[Work to be completed] Transcribe the listing below only from the line with "gsrc \<Gamma> (gsrc" up to and including the line with "(\<forall>g\<in>carrier G. \<forall>x\<in>B. l".

(Record set)

(* Let ${}_{\mathfrak Y}\mathfrak B_{\mathfrak X}$ and ${}_{\mathfrak X}\mathfrak C_{\mathfrak W}$ be left-fibrant (respectively left-free, left-principal) graphs of bisets. Then $\mathfrak B\otimes_{\mathfrak X}\mathfrak C$ is a left-fibrant (respectively left-free, left-principal) graph of bisets.
   Context: A graph is a set $V\sqcup E$ with maps $x\mapsto x^-\in V$, $x\mapsto\bar x$, $\bar{\bar x}=x$, $x=x^-\iff x=\bar x\iff x\in V$; $x^+=(\bar x)^-$. Graph morphisms commute with these (may send edges to vertices); simplicial ones send edges to edges. A graph of groups attaches to each $x$ a group $G_x$ and homomorphisms $G_x\to G_{x^-}$, $G_x\to G_{\bar x}$ ($G_x\to G_{\bar x}\to G_x$ identity, both identity for vertices). A $\mathfrak Y$-$\mathfrak X$ graph of bisets: a graph $\mathfrak B$, graph morphisms $\lambda\colon\mathfrak B\to\mathfrak Y$, $\rho\colon\mathfrak B\to\mathfrak X$, $G_{\lambda(z)}$-$G_{\rho(z)}$-bisets $B_z$, and congruences $b\mapsto b^-\colon B_z\to B_{z^-}$, $b\mapsto\bar b\colon B_z\to B_{\bar z}$ w.r.t. the corresponding group homomorphisms, satisfying the same axioms. Product: $\mathfrak B\otimes_{\mathfrak X}\mathfrak C$ has underlying graph $\{(b,c)\mid\rho(b)=\lambda(c)\}$, $(b,c)^-=(b^-,c^-)$, $\overline{(b,c)}=(\bar b,\bar c)$, $\lambda(b,c)=\lambda(b)$, $\rho(b,c)=\rho(c)$, biset $B_b\otimes_{G_{\rho(b)}}C_c$ at $(b,c)$. Left-fibrant: $\rho$ simplicial and for every vertex $v$ and edge $f$ of the target with $f^-=\rho(v)$, the map $\bigsqcup_{e\in\rho^{-1}(f),\,e^-=v}G_{\lambda(v)}\otimes_{G_{\lambda(e)}}B_e\to B_v$, $g\otimes b\mapsto gb^-$, is an isomorphism of $G_{\lambda(v)}$-$G_f$-bisets. Left-free: left-fibrant and every $B_z$ free as a left set. Left-principal: left-fibrant, every $B_z$ left-principal (simply transitive left action), and $\rho$ a graph isomorphism. *)

theory Defs
  imports "HOL-Algebra.Group"
begin

text \<open>A graph is a set (carrier) with maps x to x^- (source) and x to bar x (reversal).
  Vertices are the fixed points of the source map.\<close>

record 'a graph =
  gcar :: "'a set"
  gsrc :: "'a \<Rightarrow> 'a"
  grev :: "'a \<Rightarrow> 'a"

definition gverts :: "('a, 'z) graph_scheme \<Rightarrow> 'a set" where
  "gverts \<Gamma> = {x \<in> gcar \<Gamma>. gsrc \<Gamma> x = x}"

definition gedges :: "('a, 'z) graph_scheme \<Rightarrow> 'a set" where
  "gedges \<Gamma> = gcar \<Gamma> - gverts \<Gamma>"

definition is_graph :: "('a, 'z) graph_scheme \<Rightarrow> bool" where
  "is_graph \<Gamma> \<longleftrightarrow> (\<forall>x\<in>gcar \<Gamma>.
      gsrc \<Gamma> x \<in> gcar \<Gamma> \<and> grev \<Gamma> x \<in> gcar \<Gamma> \<and>
      gsrc \<Gamma> (gsrc \<Gamma> x) = gsrc \<Gamma> x \<and>
      grev \<Gamma> (grev \<Gamma> x) = x \<and>
      (x = gsrc \<Gamma> x \<longleftrightarrow> x = grev \<Gamma> x))"

definition graph_mor :: "('a, 'z1) graph_scheme \<Rightarrow> ('b, 'z2) graph_scheme \<Rightarrow> ('a \<Rightarrow> 'b) \<Rightarrow> bool" where
  "graph_mor \<Gamma> \<Delta> f \<longleftrightarrow> (\<forall>x\<in>gcar \<Gamma>. f x \<in> gcar \<Delta> \<and>
      f (gsrc \<Gamma> x) = gsrc \<Delta> (f x) \<and> f (grev \<Gamma> x) = grev \<Delta> (f x))"

definition simplicial_mor :: "('a, 'z1) graph_scheme \<Rightarrow> ('b, 'z2) graph_scheme \<Rightarrow> ('a \<Rightarrow> 'b) \<Rightarrow> bool" where
  "simplicial_mor \<Gamma> \<Delta> f \<longleftrightarrow> graph_mor \<Gamma> \<Delta> f \<and> f ` gedges \<Gamma> \<subseteq> gedges \<Delta>"

definition graph_iso :: "('a, 'z1) graph_scheme \<Rightarrow> ('b, 'z2) graph_scheme \<Rightarrow> ('a \<Rightarrow> 'b) \<Rightarrow> bool" where
  "graph_iso \<Gamma> \<Delta> f \<longleftrightarrow> graph_mor \<Gamma> \<Delta> f \<and> bij_betw f (gcar \<Gamma>) (gcar \<Delta>)"

text \<open>All groups G_x share a common element type; ghs x : G_x to G_{x^-},
  ghr x : G_x to G_{bar x}.\<close>

record ('a, 'g) gog = "'a graph" +
  grp :: "'a \<Rightarrow> 'g monoid"
  ghs :: "'a \<Rightarrow> 'g \<Rightarrow> 'g"
  ghr :: "'a \<Rightarrow> 'g \<Rightarrow> 'g"

definition is_gog :: "('a, 'g, 'z) gog_scheme \<Rightarrow> bool" where
  "is_gog X \<longleftrightarrow> is_graph X \<and> (\<forall>x\<in>gcar X.
      group (grp X x) \<and>
      ghs X x \<in> hom (grp X x) (grp X (gsrc X x)) \<and>
      ghr X x \<in> hom (grp X x) (grp X (grev X x)) \<and>
      (\<forall>g\<in>carrier (grp X x). ghr X (grev X x) (ghr X x g) = g) \<and>
      (x \<in> gverts X \<longrightarrow> (\<forall>g\<in>carrier (grp X x). ghs X x g = g \<and> ghr X x g = g)))"

definition is_biset :: "'g monoid \<Rightarrow> 'h monoid \<Rightarrow> 'e set \<Rightarrow> ('g \<Rightarrow> 'e \<Rightarrow> 'e) \<Rightarrow> ('e \<Rightarrow> 'h \<Rightarrow> 'e) \<Rightarrow> bool" where
  "is_biset G H B l r \<longleftrightarrow>
     (\<forall>g\<in>carrier G. \<forall>x\<in>B. l g x \<in> B) \<and>
     (\<forall>h\<in>carrier H. \<forall>x\<in>B. r x h \<in> B) \<and>
     (\<forall>x\<in>B. l \<one>\<^bsub>G\<^esub> x = x \<and> r x \<one>\<^bsub>H\<^esub> = x) \<and>
     (\<forall>g\<in>carrier G. \<forall>g'\<in>carrier G. \<forall>x\<in>B. l (g \<otimes>\<^bsub>G\<^esub> g') x = l g (l g' x)) \<and>
     (\<forall>h\<in>carrier H. \<forall>h'\<in>carrier H. \<forall>x\<in>B. r x (h \<otimes>\<^bsub>H\<^esub> h') = r (r x h) h') \<and>
     (\<forall>g\<in>carrier G. \<forall>h\<in>carrier H. \<forall>x\<in>B. l g (r x h) = r (l g x) h)"

definition is_congr :: "'g monoid \<Rightarrow> 'h monoid \<Rightarrow> ('g \<Rightarrow> 'g) \<Rightarrow> ('h \<Rightarrow> 'h) \<Rightarrow>
    'e set \<Rightarrow> ('g \<Rightarrow> 'e \<Rightarrow> 'e) \<Rightarrow> ('e \<Rightarrow> 'h \<Rightarrow> 'e) \<Rightarrow>
    'e set \<Rightarrow> ('g \<Rightarrow> 'e \<Rightarrow> 'e) \<Rightarrow> ('e \<Rightarrow> 'h \<Rightarrow> 'e) \<Rightarrow> ('e \<Rightarrow> 'e) \<Rightarrow> bool" where
  "is_congr G H \<phi> \<psi> B l r B' l' r' f \<longleftrightarrow>
     (\<forall>x\<in>B. f x \<in> B') \<and>
     (\<forall>g\<in>carrier G. \<forall>x\<in>B. f (l g x) = l' (\<phi> g) (f x)) \<and>
     (\<forall>h\<in>carrier H. \<forall>x\<in>B. f (r x h) = r' (f x) (\<psi> h))"

record ('b, 'y, 'x, 'g, 'h, 'e) gob = "'b graph" +
  blam :: "'b \<Rightarrow> 'y"
  brho :: "'b \<Rightarrow> 'x"
  bset :: "'b \<Rightarrow> 'e set"
  blact :: "'b \<Rightarrow> 'g \<Rightarrow> 'e \<Rightarrow> 'e"
  bract :: "'b \<Rightarrow> 'e \<Rightarrow> 'h \<Rightarrow> 'e"
  bsrc :: "'b \<Rightarrow> 'e \<Rightarrow> 'e"
  brev :: "'b \<Rightarrow> 'e \<Rightarrow> 'e"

(End Record set)

[Written response]
      gsrc \<Gamma> (gsrc \<Gamma> x) = gsrc \<Gamma> x \<and>
      grev \<Gamma> (grev \<Gamma> x) = x \<and>
      (x = gsrc \<Gamma> x \<longleftrightarrow> x = grev \<Gamma> x))"

definition graph_mor :: "('a, 'z1) graph_scheme \<Rightarrow> ('b, 'z2) graph_scheme \<Rightarrow> ('a \<Rightarrow> 'b) \<Rightarrow> bool" where
  "graph_mor \<Gamma> \<Delta> f \<longleftrightarrow> (\<forall>x\<in>gcar \<Gamma>. f x \<in> gcar \<Delta> \<and>
      f (gsrc \<Gamma> x) = gsrc \<Delta> (f x) \<and> f (grev \<Gamma> x) = grev \<Delta> (f x))"

definition simplicial_mor :: "('a, 'z1) graph_scheme \<Rightarrow> ('b, 'z2) graph_scheme \<Rightarrow> ('a \<Rightarrow> 'b) \<Rightarrow> bool" where
  "simplicial_mor \<Gamma> \<Delta> f \<longleftrightarrow> graph_mor \<Gamma> \<Delta> f \<and> f ` gedges \<Gamma> \<subseteq> gedges \<Delta>"

definition graph_iso :: "('a, 'z1) graph_scheme \<Rightarrow> ('b, 'z2) graph_scheme \<Rightarrow> ('a \<Rightarrow> 'b) \<Rightarrow> bool" where
  "graph_iso \<Gamma> \<Delta> f \<longleftrightarrow> graph_mor \<Gamma> \<Delta> f \<and> bij_betw f (gcar \<Gamma>) (gcar \<Delta>)"

text \<open>All groups G_x share a common element type; ghs x : G_x to G_{x^-},
  ghr x : G_x to G_{bar x}.\<close>

record ('a, 'g) gog = "'a graph" +
  grp :: "'a \<Rightarrow> 'g monoid"
  ghs :: "'a \<Rightarrow> 'g \<Rightarrow> 'g"
  ghr :: "'a \<Rightarrow> 'g \<Rightarrow> 'g"

definition is_gog :: "('a, 'g, 'z) gog_scheme \<Rightarrow> bool" where
  "is_gog X \<longleftrightarrow> is_graph X \<and> (\<forall>x\<in>gcar X.
      group (grp X x) \<and>
      ghs X x \<in> hom (grp X x) (grp X (gsrc X x)) \<and>
      ghr X x \<in> hom (grp X x) (grp X (grev X x)) \<and>
      (\<forall>g\<in>carrier (grp X x). ghr X (grev X x) (ghr X x g) = g) \<and>
      (x \<in> gverts X \<longrightarrow> (\<forall>g\<in>carrier (grp X x). ghs X x g = g \<and> ghr X x g = g)))"

definition is_biset :: "'g monoid \<Rightarrow> 'h monoid \<Rightarrow> 'e set \<Rightarrow> ('g \<Rightarrow> 'e \<Rightarrow> 'e) \<Rightarrow> ('e \<Rightarrow> 'h \<Rightarrow> 'e) \<Rightarrow> bool" where
  "is_biset G H B l r \<longleftrightarrow>
     (\<forall>g\<in>carrier G. \<forall>x\<in>B. l g x \<in> B) \<and>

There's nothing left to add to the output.